I used to regularly enjoying browsing in HMV & Virgin shops in my closest towns (several hundred miles from London) and would regularly order there as well and generally got good service. Last summer I visited an HMV shop with a dismal display of classical recordings, asked to order a boxed set from Universal and was told they wouldn't take the order.
Needless to say I haven't been back, bought the recordings as a lossless download from Universal's site and burnt my own CDs.
Sadly, HMV didn't learn an obvious lesson of marketing - if you can't compete on price, compete on service. The booksellers, wine stores and DVD/CD sellers who are prospering do so because they have knowledgeable sales staff who know their products. I for one am willing to pay a little extra for good advice...
dco - tell us where you go. I have never been to a bookstore where the seller knew more about literature than me (hint: literature, not books) or to a CD store where the seller knew more about music (about music not about 'CDs'). Not by a long shot. And wine stores run by experts collapse - they trade poorly - I have seen several disappear round where I am very recently. I think all this discussion is nostalgic.
My local hmv was once zavvi, and before that Virgin. It's been a sad decline. Sir Richard certainly knew when to sell! Even in those earlier days of wide choice, it was easy to see why RB was so wealthy.
It is sad that a town like Peterborough which has a cathedral choir, several youth choirs and adult choirs as well as a symphony orchestra cannot support a record shop. The only source of CM is vinyl in oxfam (no cds there!)
Times have moved on, music is free on youtube, itunes or Amazon is where my teenage daughter and her friends get their music.
'Second as we can find has only become tarnished by business speak because of a devastating failure of the suits upstairs to engage with music consumers, to listen to what those of us who can still be bothered to schlep into town to buy a physical CD actually want.'
I couldn't agree more with this statement. I am a keen supporter of SACDs and if the suits had engaged more and thought about releasing the right titles and promoting SACD better we have enjoyed more amazing multichannel high quality listening experiences over the last decade than we have. I was always a regular in HMV Oxford Street, I loved exploring, but the titles and format I wanted just wasn't there anymore. Their other high street stores seemed to sell mainly the cheaper classical titles and music I mainly had, or the cheesy pseudo classics as advertised on TV which the suits thought we wanted, errr sorry no thank you. So the record labels might not want HMV to vanish, but they have done little I feel in terms of product to get me to go to the stores and explore. That said, I will not be moving to online downloads out of choice I do and always will prefer the physical format it offers something tangible that I own and flexibility of use. I also want quality of sound. So I hope HMV does not go under, but the suits of the record labels need to think how they can help them with good products, not just cash and dmore downloads!

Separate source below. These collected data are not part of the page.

lemma sphere_avg_signed_perm:
  fixes f :: "real^'n \<Rightarrow> real"
  assumes "bij p" and "\<And>i. \<bar>\<epsilon> i\<bar> = 1" and [measurable]: "f \<in> borel_measurable borel"
  shows "sphere_avg (\<lambda>x. f (signed_perm p \<epsilon> x)) = sphere_avg f"
proof -
  have [measurable]: "ball (0::real^'n) 1 \<in> sets borel" by simp
  let ?h = "\<lambda>x. indicator (ball (0::real^'n) 1) x *\<^sub>R f (scaleR (1 / norm x) x)"
  have h_sp: "?h (signed_perm p \<epsilon> x) = indicator (ball 0 1) x *\<^sub>R f (signed_perm p \<epsilon> (scaleR (1 / norm x) x))" for x
    by (simp add: norm_signed_perm[OF assms(1,2)] signed_perm_scaleR indicator_def)
  have "(LINT x|lborel. ?h x) = (LINT x|distr lborel borel (signed_perm p \<epsilon>). ?h x)"
    by (simp add: lborel_distr_signed_perm[OF assms(1,2)])
  also have "\<dots> = (LINT x|lborel. ?h (signed_perm p \<epsilon> x))"
    by (rule integral_distr) simp_all
  finally show ?thesis
    unfolding sphere_avg_def set_lebesgue_integral_def h_sp by simp
qed

section \<open>A moment criterion for spherical 3-designs\<close>

definition monomial :: "('n \<Rightarrow> nat) \<Rightarrow> real^'n \<Rightarrow> real" where
  "monomial \<alpha> x = (\<Prod>i\<in>UNIV. (x $ i) ^ \<alpha> i)"

lemma continuous_on_monomial: "continuous_on UNIV (monomial \<alpha>)"
  unfolding monomial_def by (intro continuous_intros)

lemma sphere_avg_monomial_odd:
  fixes \<alpha> :: "'n::finite \<Rightarrow> nat"
  assumes "odd (\<alpha> c)"
  shows "sphere_avg (monomial \<alpha>) = 0"
proof -
  define \<epsilon> :: "'n \<Rightarrow> real" where "\<epsilon> = (\<lambda>i. if i = c then -1 else 1)"
  have "(\<Prod>i\<in>UNIV. \<epsilon> i ^ \<alpha> i) = (\<Prod>i\<in>UNIV. if i = c then (-1) ^ \<alpha> c else 1)"
    by (rule prod.cong) (auto simp: \<epsilon>_def)
  then have "(\<Prod>i\<in>UNIV. \<epsilon> i ^ \<alpha> i) = -1"
    using assms by simp
  then have reflect: "monomial \<alpha> (signed_perm id \<epsilon> y) = -1 * monomial \<alpha> y" for y
    unfolding monomial_def signed_perm_def by (simp add: power_mult_distrib prod.distrib)
  have "sphere_avg (monomial \<alpha>) = sphere_avg (\<lambda>y. monomial \<alpha> (signed_perm id \<epsilon> y))"
    by (rule sphere_avg_signed_perm[symmetric])
       (auto simp: \<epsilon>_def intro: borel_measurable_continuous_onI continuous_on_monomial)
  also have "\<dots> = - sphere_avg (monomial \<alpha>)"
    unfolding reflect sphere_avg_cmult by simp
  finally show ?thesis by simp
qed
lemma three_boundary_vertices:
  assumes "S \<subseteq> V" "card S < card V" "s \<in> S" "s' \<in> S" "s \<noteq> s'"
    and two_inside: "\<And>u. u \<in> S \<Longrightarrow> \<exists>x y. x \<noteq> y \<and> x \<in> S \<and> y \<in> S \<and> E u x \<and> E u y"
  shows "\<not> inner_boundary E S \<subseteq> {p, q}"
proof
  assume boundary: "inner_boundary E S \<subseteq> {p, q}"
  have "\<not> V \<subseteq> S"
    using assms(2) card_mono[OF finite_subset[OF assms(1) finite_vertices], of V] by linarith
  then obtain v where "v \<in> V" "v \<notin> S" by blast
  then have "E\<^sup>*\<^sup>* s v" using connected assms(1,3) unfolding connected_graph_def by auto
  then obtain u t where "u \<in> S" "t \<notin> S" "E u t"
    using rtranclp_exits_set[OF _ assms(3) \<open>v \<notin> S\<close>] by blast
  then have t: "t \<in> V" "t \<notin> S" using simple_graphD(2)[OF simple] by auto
  obtain t' where t': "E t t'" "t' \<noteq> p" "t' \<noteq> q" using third_neighbour[OF t(1)] .
  have "t' \<notin> S"
  proof
    assume "t' \<in> S"
    then have "t' \<in> inner_boundary E S" using sym[OF t'(1)] t(2) unfolding inner_boundary_def by blast
    then show False using boundary t' by blast
  qed
  moreover have "t' \<in> V" "t \<noteq> t'" using simple_graphD(2,4)[OF simple t'(1)] by auto
  ultimately have "distinct [s, t, s', t']" "{s, t, s', t'} \<subseteq> V"
    using assms(1,3-5) t by auto
  then obtain cy where cy: "is_cycle V E cy" "subseq [s, t, s', t'] cy"
    by (rule four_ordered_cycle)
  have one_outside:
    "\<And>u w w'. u \<in> S \<Longrightarrow> w \<notin> S \<Longrightarrow> w' \<notin> S \<Longrightarrow> E u w \<Longrightarrow> E u w' \<Longrightarrow> w = w'"
  proof -
    fix u w w'
    assume "u \<in> S" and outside: "w \<notin> S" "w' \<notin> S" "E u w" "E u w'"
    obtain x y where "E u x" "E u y" "x \<noteq> y" "x \<in> S" "y \<in> S"
      using two_inside[OF \<open>u \<in> S\<close>] by blast
    then show "w = w'" using at_most_one_outside_neighbour outside by blast
  qed
  have "\<not> inner_boundary E S \<subseteq> {p, q}"
    using simple cy assms(3,4) t(2) \<open>t' \<notin> S\<close> one_outside
    by (rule alternating_cycle_three_boundary_vertices)
  then show False using boundary by blast
qed

lemma square_no_chord:
  assumes sq: "square E a b c d" and "4 < card V"
  shows "\<not> E a c"
proof
  assume ac: "E a c"
  let ?S = "{a, b, c, d}"
  have "w \<in> ?S" if "u \<in> {a, c}" "E u w" for u w
    using that neighbours_exhaust[of a b d c w] neighbours_exhaust[of c b d a w] sq ac sym
    unfolding square_def by auto
  then have "inner_boundary E ?S \<subseteq> {b, d}" unfolding inner_boundary_def by blast
  moreover have "\<not> inner_boundary E ?S \<subseteq> {b, d}"
  proof (rule three_boundary_vertices)
    show "?S \<subseteq> V" using square_vertices[OF sq] .
    show "card ?S < card V" using card_length[of "[a, b, c, d]"] assms(2) by simp
    show "a \<in> ?S" "c \<in> ?S" "a \<noteq> c" using sq unfolding square_def by auto
    show "\<exists>x y. x \<noteq> y \<and> x \<in> ?S \<and> y \<in> ?S \<and> E u x \<and> E u y" if "u \<in> ?S" for u
      using square_neighbours_inside[OF sq _ that] by blast
  qed
  ultimately show False by blast
qed

lemma square_opposite_common_neighbour:
  assumes sq: "square E a b c d" and ac: "\<not> E a c"
  obtains x where "E a x" "E c x" "x \<notin> {b, d}"
proof -
  have V: "{a, b, c, d} \<subseteq> V" using square_vertices[OF sq] .
  obtain a' where a': "E a a'" "a' \<noteq> b" "a' \<noteq> d" using third_neighbour V by blast
  obtain c' where c': "E c c'" "c' \<noteq> b" "c' \<noteq> d" using third_neighbour V by blast
  have "E a b" "E a d" "E c b" "E c d" "b \<noteq> d" using sq sym unfolding square_def by auto
  then have Na: "E a w \<Longrightarrow> w \<in> {b, d, a'}" and Nc: "E c w \<Longrightarrow> w \<in> {b, d, c'}" for w
    using neighbours_exhaust a' c' by auto
  have "a' = c'"
  proof (rule ccontr)
    assume "a' \<noteq> c'"
    moreover have "a \<noteq> c" using sq unfolding square_def by auto
    ultimately have "distinct [c', a, c, a']"
      using a' c' ac sym simple_graphD(4)[OF simple] by auto
    moreover have "{c', a, c, a'} \<subseteq> V" using V a' c' simple_graphD(2)[OF simple] by auto
    ultimately obtain cy where "is_cycle V E cy" "subseq [c', a, c, a'] cy"
      by (rule four_ordered_cycle)
    \<comment> \<open>the cycle enters and leaves \<open>a\<close> through \<open>b\<close> and \<open>d\<close>, so it can only leave \<open>c\<close>
      through \<open>c'\<close>, which comes before \<open>a\<close>\<close>
    then obtain p q r where "E p a" "E a q" "E c r" "distinct [p, q, r]" "a' \<notin> {p, q}" "r \<noteq> c'"
      by (rule cycle_middle_neighbours)
    then show False using Na[of p] Na[of q] Nc[of r] sym by auto
  qed
  then show thesis using that a' c' by auto
qed

lemma square_has_chord:
  assumes sq: "square E a b c d" and "6 < card V"
  shows "E a c \<or> E b d"
proof (rule ccontr)
  assume "\<not> (E a c \<or> E b d)"
  then obtain x y where x: "E a x" "E c x" "x \<notin> {b, d}" and y: "E b y" "E d y" "y \<notin> {c, a}"
    using square_opposite_common_neighbour[OF sq]
      square_opposite_common_neighbour[OF square_rotate[OF sq]]
    by metis
  let ?S = "{a, b, c, d, x, y}"
  have "E a b" "E a d" "E b a" "E b c" "E c b" "E c d" "E d a" "E d c" "distinct [a, b, c, d]"
    using sq sym unfolding square_def by auto
  then have "w \<in> ?S" if "u \<in> {a, b, c, d}" "E u w" for u w
    using that x y neighbours_exhaust[of a b d x w] neighbours_exhaust[of b a c y w] neighbours_exhaust[of c b d x w]
      neighbours_exhaust[of d a c y w]
    by auto
  then have "inner_boundary E ?S \<subseteq> {x, y}" unfolding inner_boundary_def by blast
  moreover have "\<not> inner_boundary E ?S \<subseteq> {x, y}"
  proof (rule three_boundary_vertices)
    show "?S \<subseteq> V" using square_vertices[OF sq] x y simple_graphD(2)[OF simple] by auto
    show "card ?S < card V" using card_length[of "[a, b, c, d, x, y]"] assms(2) by simp
    show "a \<in> ?S" "c \<in> ?S" "a \<noteq> c" using sq unfolding square_def by auto
    show "\<exists>u v. u \<noteq> v \<and> u \<in> ?S \<and> v \<in> ?S \<and> E w u \<and> E w v" if w: "w \<in> ?S" for w
    proof -
      consider "w \<in> {a, b, c, d}" | "w = x" | "w = y" using w by blast
      then show ?thesis
      proof cases
        case 1
        then show ?thesis using square_neighbours_inside[OF sq _ 1] by blast
      next
        case 2
        then show ?thesis using x sym \<open>distinct [a, b, c, d]\<close> by auto
      next
        case 3
        then show ?thesis using y sym \<open>distinct [a, b, c, d]\<close> by auto
      qed
    qed
  qed
  ultimately show False by blast
qed

end

theorem theorem2p1:
  fixes V :: "'a set" and E :: "'a \<Rightarrow> 'a \<Rightarrow> bool"
  assumes "finite V" and "simple_graph V E" and "connected_graph V E"
    and "regular_graph 3 V E" and "card V > 6" and "k_ordered 4 V E"
  shows "\<not> (\<exists>c. is_cycle V E c \<and> length c = 4)"
proof
  assume "\<exists>c. is_cycle V E c \<and> length c = 4"
  then obtain a b c d where sq: "square E a b c d" by (metis is_cycle_length_four)
  interpret four_ordered_cubic_graph V E
    using assms by unfold_locales
  have "E a c \<or> E b d" using square_has_chord[OF sq] assms(5) .
  then show False
    using square_no_chord[OF sq] square_no_chord[OF square_rotate[OF sq]] assms(5) by auto
qed

end
lemma sum_normalized_le_1:
  assumes "finite \<Omega>" "\<forall>\<omega>\<in>\<Omega>. 0 \<le> P \<omega>"
  shows "(\<Sum>\<omega>\<in>\<Omega>. if E \<omega> then P \<omega> / prob_of \<Omega> P E else 0) \<le> 1"
proof -
  have "(\<Sum>\<omega>\<in>\<Omega>. if E \<omega> then P \<omega> / prob_of \<Omega> P E else 0)
      = (\<Sum>\<omega>\<in>\<Omega>. if E \<omega> then P \<omega> else 0) / prob_of \<Omega> P E"
    unfolding sum_divide_distrib by (intro sum.cong) auto
  also have "\<dots> = prob_of \<Omega> P E / prob_of \<Omega> P E"
    using assms(1) by (simp only: prob_of_eq_sum_if)
  also have "\<dots> \<le> 1"
    by (cases "prob_of \<Omega> P E = 0") simp_all
  finally show ?thesis .
qed

definition cond_indep_at :: "'s set \<Rightarrow> ('s \<Rightarrow> real) \<Rightarrow> ('s \<Rightarrow> 'a) \<Rightarrow> ('s \<Rightarrow> 'b) \<Rightarrow> ('s \<Rightarrow> 'c) \<Rightarrow> 's \<Rightarrow> bool"
  where "cond_indep_at \<Omega> P A B C \<omega> \<longleftrightarrow>
    prob_of \<Omega> P (\<lambda>\<eta>. A \<eta> = A \<omega> \<and> B \<eta> = B \<omega> \<and> C \<eta> = C \<omega>) * prob_of \<Omega> P (\<lambda>\<eta>. C \<eta> = C \<omega>)
    = prob_of \<Omega> P (\<lambda>\<eta>. A \<eta> = A \<omega> \<and> C \<eta> = C \<omega>) * prob_of \<Omega> P (\<lambda>\<eta>. B \<eta> = B \<omega> \<and> C \<eta> = C \<omega>)"

definition indep_ratio :: "'s set \<Rightarrow> ('s \<Rightarrow> real) \<Rightarrow> ('s \<Rightarrow> 'a) \<Rightarrow> ('s \<Rightarrow> 'b) \<Rightarrow> ('s \<Rightarrow> 'c) \<Rightarrow> 's \<Rightarrow> real"
  where "indep_ratio \<Omega> P A B C \<omega> =
    prob_of \<Omega> P (\<lambda>\<eta>. A \<eta> = A \<omega> \<and> C \<eta> = C \<omega>) * prob_of \<Omega> P (\<lambda>\<eta>. B \<eta> = B \<omega> \<and> C \<eta> = C \<omega>)
    / (prob_of \<Omega> P (\<lambda>\<eta>. A \<eta> = A \<omega> \<and> B \<eta> = B \<omega> \<and> C \<eta> = C \<omega>) * prob_of \<Omega> P (\<lambda>\<eta>. C \<eta> = C \<omega>))"
lemma cinner_poly_op_weight_nonneg:
  assumes "positive_op T" "onorm T \<le> M" "w \<in> {1, [:0, 1:], [:M, -1:]}"
  shows "0 \<le> Re (cinner v (poly_op w T v))"
proof -
  have lin: "linear T"
    using assms(1) by (simp add: positive_op_bounded_linear bounded_linear.linear)
  have Tv: "0 \<le> Re (cinner v (T v))"
    using assms(1) by (simp add: positive_op_def)
  have "Re (cinner v (T v)) \<le> M * (norm v)\<^sup>2"
  proof -
    have "Re (cinner v (T v)) \<le> norm v * norm (T v)"
      using complex_Re_le_cmod cauchy_schwarz order_trans by blast
    also have "\<dots> \<le> norm v * (M * norm v)"
      using order_trans[OF onorm[OF positive_op_bounded_linear[OF assms(1)]] mult_right_mono[OF assms(2) norm_ge_zero]]
      by (rule mult_left_mono) simp
    finally show ?thesis
      by (simp add: power2_eq_square algebra_simps)
  qed
  moreover have "poly_op [:M, -1:] T v = M *\<^sub>R v - T v"
    using poly_op_pCons[OF lin, of M "[:-1:]" v] by (simp add: poly_op_const[OF lin] linear_neg[OF lin])
  ultimately show ?thesis
    using assms(3) Tv
    by (auto simp: one_pCons poly_op_const[OF lin] poly_op_X[OF lin] cinner_self cinner.diff_right cinner.scaleR_right)
qed

lemma sos_cert_poly_op_nonneg:
  assumes "positive_op T" "onorm T \<le> M" "sos_cert M p"
  shows "0 \<le> Re (cinner x (poly_op p T x))"
  using assms(3)
proof (induction arbitrary: x)
  case (sos_cert_weighted_square w s)
  have lin: "linear T"
    using assms(1) by (simp add: positive_op_bounded_linear bounded_linear.linear)
  have "s * s * w = s * (w * s)"
    by (simp add: algebra_simps)
  then have "poly_op (s * s * w) T x = poly_op s T (poly_op w T (poly_op s T x))"
    by (simp only: poly_op_mult[OF lin])
  then have "cinner x (poly_op (s * s * w) T x) = cinner (poly_op s T x) (poly_op w T (poly_op s T x))"
    by (simp add: selfadjoint_poly_op[OF lin positive_op_selfadjoint[OF assms(1)]])
  then show ?case
    using cinner_poly_op_weight_nonneg[OF assms(1,2) sos_cert_weighted_square] by simp
qed (simp add: poly_op_add cinner.add_right)

lemma sos_cert_linear_root_below: "r < 0 \<Longrightarrow> sos_cert M [:-r, 1:]"
proof -
  assume "r < 0"
  then have "[:-r, 1:] = [:sqrt (- r):] * [:sqrt (- r):] + [:0, 1:]"
    by (simp flip: poly_eq_poly_eq_iff)
  then show ?thesis
    by (metis sos_cert_square sos_cert_weight sos_cert_add insertCI)
qed
lemma var_subst_tvar: "p \<noteq> q \<Longrightarrow> var_subst p q (tvar j) = tvar (if j = p then q else j)"
  unfolding tvar_def var_subst_single
  by (rule arg_cong[where f="\<lambda>m. Poly_Mapping.single m 1"], rule poly_mapping_eqI)
     (auto simp: lookup_monom_subst lookup_single when_def)

lemma tvar_power: "tvar p ^ k = Poly_Mapping.single (Poly_Mapping.single p k) 1"
  by (induction k) (auto simp: tvar_def mult_single single_add[symmetric] add.commute)

definition monom_quot :: "nat \<Rightarrow> nat \<Rightarrow> (nat \<Rightarrow>\<^sub>0 nat) \<Rightarrow> complex \<Rightarrow> cpoly" where
  "monom_quot p q m c = Poly_Mapping.single (Poly_Mapping.update p 0 m) c *
     (\<Sum>k<Poly_Mapping.lookup m p. tvar q ^ (Poly_Mapping.lookup m p - Suc k) * tvar p ^ k)"

definition var_quot :: "nat \<Rightarrow> nat \<Rightarrow> cpoly \<Rightarrow> cpoly" where
  "var_quot p q A = (\<Sum>m\<in>Poly_Mapping.keys A. monom_quot p q m (Poly_Mapping.lookup A m))"

lemma single_diff_monom_subst:
  assumes "p \<noteq> q"
  shows "Poly_Mapping.single m c - Poly_Mapping.single (monom_subst p q m) c =
    (tvar p - tvar q) * monom_quot p q m c"
proof -
  let ?k = "Poly_Mapping.lookup m p" and ?m0 = "Poly_Mapping.update p 0 m"
  have m: "m = ?m0 + Poly_Mapping.single p ?k"
    by (rule poly_mapping_eqI) (auto simp: lookup_add lookup_update lookup_single when_def)
  have "Poly_Mapping.single m c = Poly_Mapping.single ?m0 c * tvar p ^ ?k"
    by (subst m) (simp add: tvar_power mult_single)
  moreover have "Poly_Mapping.single (monom_subst p q m) c = Poly_Mapping.single ?m0 c * tvar q ^ ?k"
    by (simp add: tvar_power mult_single monom_subst_def)
  ultimately have "Poly_Mapping.single m c - Poly_Mapping.single (monom_subst p q m) c =
      Poly_Mapping.single ?m0 c * (tvar p ^ ?k - tvar q ^ ?k)"
    by (simp add: right_diff_distrib)
  also have "\<dots> = (tvar p - tvar q) * monom_quot p q m c"
    by (simp add: power_diff_sumr2 monom_quot_def)
  finally show ?thesis .
qed

lemma diff_var_subst_eq: "p \<noteq> q \<Longrightarrow> A - var_subst p q A = (tvar p - tvar q) * var_quot p q A"
  by (subst (1) sum_single_lookup)
     (simp add: var_subst_def var_quot_def single_diff_monom_subst sum_distrib_left flip: sum_subtractf)

lemma var_subst_eq_0_imp_eq_mult:
  "p \<noteq> q \<Longrightarrow> var_subst p q A = 0 \<Longrightarrow> A = (tvar p - tvar q) * var_quot p q A"
  using diff_var_subst_eq[of p q A] by simp

lemma Pol_0 [simp]: "0 \<in> Pol n"
  by (simp add: Pol_def)

lemma Pol_1 [simp]: "1 \<in> Pol n"
  by (simp add: Pol_def)

lemma Pol_add: "A \<in> Pol n \<Longrightarrow> B \<in> Pol n \<Longrightarrow> A + B \<in> Pol n"
  using keys_add[of A B] by (auto simp: Pol_def)

lemma Pol_diff: "A \<in> Pol n \<Longrightarrow> B \<in> Pol n \<Longrightarrow> A - B \<in> Pol n"
  using keys_diff[of A B] by (auto simp: Pol_def)

lemma Pol_mult:
  assumes "A \<in> Pol n" "B \<in> Pol n"
  shows "A * B \<in> Pol n"
  unfolding Pol_def
proof (intro CollectI ballI)
  fix m assume "m \<in> Poly_Mapping.keys (A * B)"
  then obtain a b where "m = a + b" "a \<in> Poly_Mapping.keys A" "b \<in> Poly_Mapping.keys B"
    using keys_mult by blast
  with assms keys_add[of a b] show "Poly_Mapping.keys m \<subseteq> {1..n}"
    unfolding Pol_def by blast
qed

lemma Pol_sum: "(\<And>x. x \<in> S \<Longrightarrow> F x \<in> Pol n) \<Longrightarrow> sum F S \<in> Pol n"
  by (induction S rule: infinite_finite_induct) (auto intro: Pol_add)

lemma Pol_power: "A \<in> Pol n \<Longrightarrow> A ^ k \<in> Pol n"
  by (induction k) (auto intro: Pol_mult)

lemma Pol_single: "Poly_Mapping.keys m \<subseteq> {1..n} \<Longrightarrow> Poly_Mapping.single m c \<in> Pol n"
  by (simp add: Pol_def)

lemma Pol_tvar: "j \<in> {1..n} \<Longrightarrow> tvar j \<in> Pol n"
  by (simp add: Pol_def tvar_def)

lemma Pol_var_quot: "A \<in> Pol n \<Longrightarrow> p \<in> {1..n} \<Longrightarrow> q \<in> {1..n} \<Longrightarrow> var_quot p q A \<in> Pol n"
  unfolding var_quot_def monom_quot_def
  by (intro Pol_sum Pol_mult Pol_single Pol_power Pol_tvar) (auto simp: Pol_def keys_update)

lemma transpose_eq_transpose_iff:
  "a \<noteq> b \<Longrightarrow> transpose a b = transpose c d \<longleftrightarrow> (c = a \<and> d = b) \<or> (c = b \<and> d = a)"
  by (metis transpose_commute transpose_eq_iff)

lemma transpose_conj_transpose:
  "transpose i j \<circ> transpose a b \<circ> transpose i j = transpose (transpose i j a) (transpose i j b)"
  by (auto simp: fun_eq_iff transpose_def)

lemma Sym_inj: "v \<in> Sym n \<Longrightarrow> v x = v y \<longleftrightarrow> x = y"
  by (auto simp: Sym_def dest: permutes_inj injD)

lemma Sym_in: "v \<in> Sym n \<Longrightarrow> x \<in> {1..n} \<Longrightarrow> v x \<in> {1..n}"
  unfolding Sym_def by (simp add: permutes_in_image del: atLeastAtMost_iff)

lemma comp_transpose_in_Sym_iff:
  assumes "a \<in> {1..n}" "b \<in> {1..n}"
  shows "v \<circ> transpose a b \<in> Sym n \<longleftrightarrow> v \<in> Sym n"
proof -
  have "v \<circ> transpose a b \<in> Sym n" if "v \<in> Sym n" for v
    using that assms unfolding Sym_def by (simp add: permutes_compose permutes_swap_id del: atLeastAtMost_iff)
  from this[of v] this[of "v \<circ> transpose a b"] show ?thesis
    by (auto simp: comp_assoc)
qed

well we know they got something wrong, but what would work to give them a surviveable strategy? Is it just the emergence of downloads? Exceptional classical stock, knowledgable people and well designed stores is what we say we want, yeah?...but actually I think people here generally agree that's what they used to have but (as Dmitri hints) progressively clearly it didn't work. This is what's happening on the High Street more generally and increasingly retailers won't compete with on-line where rock bottom price is accompanied by rapid delivery and a no quibble service guarantee.
Ironically, one of the things HMV got badly wrong was their website - ugly site, difficult to fathom, high prices and generally uncompetitive when compared with Amazon and even the major labels. Here at least they could have invested in great quality and competitive prices, but give me Amazon every time.
I appreciate the sentiments of many of the commentors who regretted what happened to HMV. It is conceivable that a more imaginative management could have allowed HMV to have a better outcome. But basically, I see HMV's fate as something more or less inevitable and out of its control. It's fate was sealed by the universal revolution in the arts early in the 20th Century.
For 500 years the purpose of music had been to serve patrons, audiences and worship. Acceptance of this role was eloquently articulated by Haydn, Beethoven, Tchaikovsky, and Grieg. Chided by a German musicologist for not composing weightier works like symphonies, Grieg responded (approximately) "I leave it to Beethoven and Brahms to build the great temples of music. I am content to create more humble abodes in which my countrymen will feel comfortable".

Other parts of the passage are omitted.